lemma power_times_Ck3_expansions:
  assumes r: "r > 0" and W: "Ck 3 W (ball x0 r)"
    and f: "\<And>s. s \<in> {x0 - r<..<x0} \<Longrightarrow> f s = (x0 - s) powr E * W s"
  shows "(\<lambda>s. f s - W x0 * (x0 - s) powr E) \<in> O[at_left x0](\<lambda>s. (x0 - s) powr (E + 1))"
    and "(\<lambda>s. deriv f s - (- E * W x0) * (x0 - s) powr (E - 1))
           \<in> O[at_left x0](\<lambda>s. (x0 - s) powr (E - 1 + 1))"
    and "(\<lambda>s. deriv (deriv f) s - (E * (E - 1) * W x0) * (x0 - s) powr (E - 1 - 1))
           \<in> O[at_left x0](\<lambda>s. (x0 - s) powr (E - 1 - 1 + 1))"
proof -
  define W1 where "W1 s = - E * W s + (x0 - s) * deriv W s" for s
  define W2 where "W2 s = - (E - 1) * W1 s + (x0 - s) * deriv W1 s" for s
  have W1: "Ck 2 W1 (ball x0 r)"
    unfolding W1_def[abs_def] using Ck_power_deriv_factor[of 2 W x0 r E] W by (simp add: numeral_eq_Suc)
  have W2: "Ck 1 W2 (ball x0 r)"
    unfolding W2_def[abs_def] using Ck_power_deriv_factor[of 1 W1 x0 r "E - 1"] W1
    by (simp add: numeral_eq_Suc)
  have f1: "deriv f s = (x0 - s) powr (E - 1) * W1 s" if "s \<in> {x0 - r<..<x0}" for s
    using deriv_power_times[OF _ f that, of 2] W by (simp add: W1_def numeral_eq_Suc)
  have f2: "deriv (deriv f) s = (x0 - s) powr (E - 1 - 1) * W2 s" if "s \<in> {x0 - r<..<x0}" for s
    using deriv_power_times[OF W1[unfolded numeral_eq_Suc] f1 that] by (simp add: W2_def)
  show "(\<lambda>s. f s - W x0 * (x0 - s) powr E) \<in> O[at_left x0](\<lambda>s. (x0 - s) powr (E + 1))"
    using bigo_power_times_Ck1[OF r Ck_mono[OF _ W] f] by simp
  show "(\<lambda>s. deriv f s - (- E * W x0) * (x0 - s) powr (E - 1))
          \<in> O[at_left x0](\<lambda>s. (x0 - s) powr (E - 1 + 1))"
    using bigo_power_times_Ck1[OF r Ck_mono[OF _ W1] f1] by (simp add: W1_def)
  show "(\<lambda>s. deriv (deriv f) s - (E * (E - 1) * W x0) * (x0 - s) powr (E - 1 - 1))
          \<in> O[at_left x0](\<lambda>s. (x0 - s) powr (E - 1 - 1 + 1))"
    using bigo_power_times_Ck1[OF r W2 f2] by (simp add: W1_def W2_def algebra_simps)
qed

section \<open>The period map\<close>

locale superlinear_power =
  fixes p :: real
  assumes p_gt_1: "p > 1"
begin

text \<open>With \<open>z = 1 - t\<^sup>2\<close> one has \<open>1 - z\<^sup>2 = t\<^sup>2 Acoef t\<close> and \<open>1 - z\<^bsup>p+1\<^esup> = t\<^sup>2 Bcoef t\<close>.\<close>

definition Acoef :: "real \<Rightarrow> real" where
  "Acoef t = 2 - t\<^sup>2"

definition Bcoef :: "real \<Rightarrow> real" where
  "Bcoef t = (if t = 0 then p + 1 else (1 - (1 - t\<^sup>2) powr (p + 1)) / t\<^sup>2)"
lemma radius_ge_half: "1/2 \<le> radius t"
proof -
  have "sqrt (1/4) \<le> radius t" unfolding radius_def by (rule real_sqrt_le_mono) simp
  then show ?thesis by (simp add: real_sqrt_divide)
qed

lemma radius_gt_half: "t \<noteq> 0 \<Longrightarrow> 1/2 < radius t"
proof -
  assume "t \<noteq> 0"
  then have "sqrt (1/4) < radius t" unfolding radius_def by (subst real_sqrt_less_iff) simp
  then show ?thesis by (simp add: real_sqrt_divide)
qed

lemma has_real_derivative_inverse_radius:
  "((\<lambda>t. 1 / radius t) has_real_derivative - t / radius t ^ 3) (at t)"
proof -
  have r: "0 < radius t" using radius_ge_half[of t] by linarith
  have "0 < t^2 + 1/4" by (simp add: add_nonneg_pos)
  then have "((\<lambda>t. 1 / radius t) has_real_derivative
      - (inverse (radius t) / 2 * (2 * t)) / (radius t * radius t)) (at t)"
    unfolding radius_def by (auto intro!: derivative_eq_intros)
  moreover have "- (inverse (radius t) / 2 * (2 * t)) / (radius t * radius t) = - t / radius t ^ 3"
    using r by (simp add: field_simps power3_eq_cube)
  ultimately show ?thesis by (rule DERIV_cong)
qed

lemma inverse_radius_tendsto_0: "((\<lambda>t. 1 / radius t) \<longlongrightarrow> 0) at_top"
proof -
  have "t \<le> radius t" for t
    using real_sqrt_le_mono[of "t^2" "t^2 + 1/4"] unfolding radius_def by (simp add: real_sqrt_abs)
  then have "filterlim radius at_top at_top"
    by (intro filterlim_at_top_mono[OF filterlim_ident] always_eventually) auto
  then show ?thesis
    by (intro tendsto_divide_0[OF tendsto_const] filterlim_at_top_imp_at_infinity)
qed

lemma semicircle_at_inverse_radius:
  assumes "0 \<le> t"
  shows "semicircle (2 - 1 / radius t) = 2 * t / radius t"
    and "semicircle (2 + 1 / radius t) = 2 * t / radius t"
proof -
  have r: "0 < radius t" using radius_ge_half[of t] by linarith
  have "4 - (1 / radius t)^2 = (2 * t / radius t)^2"
    using r radius_square[of t] by (simp add: field_simps)
  then have "sqrt (4 - (1 / radius t)^2) = 2 * t / radius t"
    using r assms by simp
  then show "semicircle (2 - 1 / radius t) = 2 * t / radius t"
    and "semicircle (2 + 1 / radius t) = 2 * t / radius t"
    by (simp_all only: semicircle_centered)
qed

text \<open>As \<open>t\<close> runs over \<open>(0,\<infinity>)\<close>, \<open>2 - 1 / radius t\<close> sweeps \<open>(0,2)\<close>
  and \<open>2 + 1 / radius t\<close> sweeps \<open>(2,4)\<close>.\<close>
definition moment_pullback :: "nat \<Rightarrow> real \<Rightarrow> real" where
  "moment_pullback m t =
     (moment_primitive m (2 - 1 / radius t) - moment_primitive m (2 + 1 / radius t)) / 2"

definition moment_integrand :: "nat \<Rightarrow> real \<Rightarrow> real" where
  "moment_integrand m t = t^2 / (t^2 + 1/4)^2 * ((2 - 1 / radius t)^m + (2 + 1 / radius t)^m)"

lemma isCont_moment_integrand: "isCont (moment_integrand m) t"
proof -
  have "0 < t^2 + 1/4" "0 < radius t"
    using radius_ge_half[of t] by (simp_all add: add_nonneg_pos)
  then show ?thesis
    unfolding moment_integrand_def[abs_def] radius_def by (intro continuous_intros) auto
qed

lemma moment_integrand_nonneg: "0 \<le> moment_integrand m t"
proof -
  have "1 / radius t \<le> 2" using radius_ge_half[of t] by (simp add: field_simps)
  then have "0 \<le> (2 - 1 / radius t)^m + (2 + 1 / radius t)^m"
    using radius_ge_half[of t] by (intro add_nonneg_nonneg zero_le_power) auto
  then show ?thesis unfolding moment_integrand_def by simp
qed

lemma has_real_derivative_moment_pullback:
  assumes "0 < t"
  shows "(moment_pullback m has_real_derivative moment_integrand m t) (at t)"
proof -
  define r where "r = radius t"
  have r_gt: "1/2 < r" using radius_gt_half[of t] assms unfolding r_def by simp
  have "0 < 2 - 1/r" "2 - 1/r < 4" "0 < 2 + 1/r" "2 + 1/r < 4"
    using r_gt by (simp_all add: field_simps)
  then have "((\<lambda>t. moment_primitive m (2 - 1 / radius t)) has_real_derivative
        (2 - 1/r)^m * semicircle (2 - 1/r) * (0 - - t / r^3)) (at t)"
    and "((\<lambda>t. moment_primitive m (2 + 1 / radius t)) has_real_derivative
        (2 + 1/r)^m * semicircle (2 + 1/r) * (0 + - t / r^3)) (at t)"
    unfolding r_def
    by (intro DERIV_chain2[OF has_real_derivative_moment_primitive]
          DERIV_diff DERIV_add DERIV_const has_real_derivative_inverse_radius; simp)+
  from DERIV_cdivide[OF DERIV_diff[OF this], of 2]
  have "(moment_pullback m has_real_derivative
      ((2 - 1/r)^m * semicircle (2 - 1/r) * (0 - - t / r^3)
       - (2 + 1/r)^m * semicircle (2 + 1/r) * (0 + - t / r^3)) / 2) (at t)"
    unfolding moment_pullback_def[abs_def] .
  moreover have "((2 - 1/r)^m * semicircle (2 - 1/r) * (0 - - t / r^3)
       - (2 + 1/r)^m * semicircle (2 + 1/r) * (0 + - t / r^3)) / 2
      = t^2 / (t^2 + 1/4)^2 * ((2 - 1/r)^m + (2 + 1/r)^m)"
  proof -
    have "semicircle (2 - 1/r) = 2 * t / r" "semicircle (2 + 1/r) = 2 * t / r"
      using semicircle_at_inverse_radius[of t] assms unfolding r_def by simp_all
    moreover have "(t^2 + 1/4)^2 = r^4" unfolding r_def radius_square[symmetric] by simp
    ultimately show ?thesis
      using r_gt by (simp only:)
        (simp add: field_simps power2_eq_square power3_eq_cube power4_eq_xxxx)
  qed
  ultimately show ?thesis unfolding moment_integrand_def r_def by (rule DERIV_cong)
qed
──────
* What you are asked to do
The answer should be the first line of the material and every line after it through the line containing "W1 (ball x0", exactly as written, and nothing else.

* Result of this exercise
lemma power_times_Ck3_expansions:
  assumes r: "r > 0" and W: "Ck 3 W (ball x0 r)"
    and f: "\<And>s. s \<in> {x0 - r<..<x0} \<Longrightarrow> f s = (x0 - s) powr E * W s"
  shows "(\<lambda>s. f s - W x0 * (x0 - s) powr E) \<in> O[at_left x0](\<lambda>s. (x0 - s) powr (E + 1))"
    and "(\<lambda>s. deriv f s - (- E * W x0) * (x0 - s) powr (E - 1))
           \<in> O[at_left x0](\<lambda>s. (x0 - s) powr (E - 1 + 1))"
    and "(\<lambda>s. deriv (deriv f) s - (E * (E - 1) * W x0) * (x0 - s) powr (E - 1 - 1))
           \<in> O[at_left x0](\<lambda>s. (x0 - s) powr (E - 1 - 1 + 1))"
proof -
  define W1 where "W1 s = - E * W s + (x0 - s) * deriv W s" for s
  define W2 where "W2 s = - (E - 1) * W1 s + (x0 - s) * deriv W1 s" for s
  have W1: "Ck 2 W1 (ball x0 r)"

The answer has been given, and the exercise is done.